╭─ Input for this task

lemma has_real_derivative_flat: "(flat p has_real_derivative flat (flat_deriv_poly p) x) (at x)"
proof (cases x "0 :: real" rule: linorder_cases)
  case less
  have "((\<lambda>s. 0) has_real_derivative 0) (at x)" by simp
  then have "(flat p has_real_derivative 0) (at x)"
    by (rule has_field_derivative_transform_within_open[of _ _ _ "{..<0}"])
      (use less in \<open>auto simp: flat_def\<close>)
  then show ?thesis using less by (simp add: flat_def)
next
  case equal
  have left: "((\<lambda>y. (flat p y - flat p 0) / (y - 0)) \<longlongrightarrow> 0) (at_left 0)"
  proof (rule tendsto_eventually)
    show "\<forall>\<^sub>F y in at_left 0. (flat p y - flat p 0) / (y - 0) = (0::real)"
      using eventually_at_left_real[of "-1" 0] by (rule eventually_mono) (auto simp: flat_def)
  qed
  have "\<forall>\<^sub>F y in at_right 0.
      poly ([:0,1:] * p) (1/y) * exp (-1/y) = (flat p y - flat p 0) / (y - 0)"
    using eventually_at_right_real[of 0 1] by (rule eventually_mono) (auto simp: flat_def)
  then have right: "((\<lambda>y. (flat p y - flat p 0) / (y - 0)) \<longlongrightarrow> 0) (at_right 0)"
    using tendsto_cong poly_inverse_times_exp_tendsto_0 by fast
  have "flat (flat_deriv_poly p) 0 = 0" by (simp add: flat_def)
  then show ?thesis using equal left right
    by (simp add: has_field_derivative_iff filterlim_at_split)
next
  case greater
  have "((\<lambda>s. poly p (1/s) * exp (-1/s)) has_real_derivative
      poly (pderiv p) (1/x) * (- 1 / x^2) * exp (-1/x) + poly p (1/x) * (exp (-1/x) * (1/x^2))) (at x)"
    using greater by (auto intro!: derivative_eq_intros simp: power2_eq_square field_simps)
  moreover have "poly (pderiv p) (1/x) * (- 1 / x^2) * exp (-1/x) + poly p (1/x) * (exp (-1/x) * (1/x^2))
      = flat (flat_deriv_poly p) x"
    using greater by (simp add: flat_def flat_deriv_poly_def algebra_simps power2_eq_square)
  ultimately have "((\<lambda>s. poly p (1/s) * exp (-1/s))
      has_real_derivative flat (flat_deriv_poly p) x) (at x)"
    by simp
  then show ?thesis
    by (rule has_field_derivative_transform_within_open[of _ _ _ "{0<..}"])
      (use greater in \<open>auto simp: flat_def\<close>)
qed

lemma Ck_on_flat: "Ck_on k S (flat p)"
proof (induction k arbitrary: p)
  case (Suc k)
  then show ?case using has_real_derivative_flat by auto
qed simp

lemma exp_neg_mult_add_one_less_1:
  fixes x :: real
  assumes "0 < x"
  shows "exp (-x) * (1 + x) < 1"
proof -
  have "1 + x + x^2/2 \<le> exp x" using exp_lower_Taylor_quadratic[of x] assms by simp
  moreover have "0 < x^2/2" using assms by simp
  ultimately have "1 + x < exp x" by linarith
  then show ?thesis by (simp add: exp_minus field_simps)
qed

lemma exp_neg_mult_le_powr:
  fixes x q :: real
  assumes "0 \<le> x" "0 \<le> q"
  shows "exp (-(q*x)) \<le> (exp (-x) * (1 + x)) powr q"
proof -
  have "exp (-x) powr q \<le> (exp (-x) * (1 + x)) powr q"
    using assms by (intro powr_mono2) auto
  then show ?thesis by (simp add: powr_def)
qed

lemma cube_mult_exp_le:
  fixes x e :: real
  assumes "0 \<le> x" "0 < e"
  shows "x^3 * exp (-e*x) \<le> 27 / e^3"
proof -
  have "e*x/3 \<le> exp (e*x/3)" using exp_ge_add_one_self[of "e*x/3"] by linarith
  then have "(e*x/3)^3 \<le> exp (e*x/3)^3" using assms by (intro power_mono) auto
  also have "exp (e*x/3)^3 = exp (e*x)" by (simp add: exp_of_nat_mult[symmetric])
  finally have "x^3 \<le> 27 / e^3 * exp (e*x)"
    using assms by (simp add: power_divide power_mult_distrib field_simps)
  then have "x^3 * exp (-e*x) \<le> 27 / e^3 * exp (e*x) * exp (-e*x)"
    by (intro mult_right_mono) auto
  then show ?thesis by (simp add: mult.assoc exp_add[symmetric])
qed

╰─

■ What you will do ■
From the data above, copy each line with the string "moreover" in it.

■ Response area ■
  moreover have "poly (pderiv p) (1/x) * (- 1 / x^2) * exp (-1/x) + poly p (1/x) * (exp (-1/x) * (1/x^2))
  moreover have "0 < x^2/2" using assms by simp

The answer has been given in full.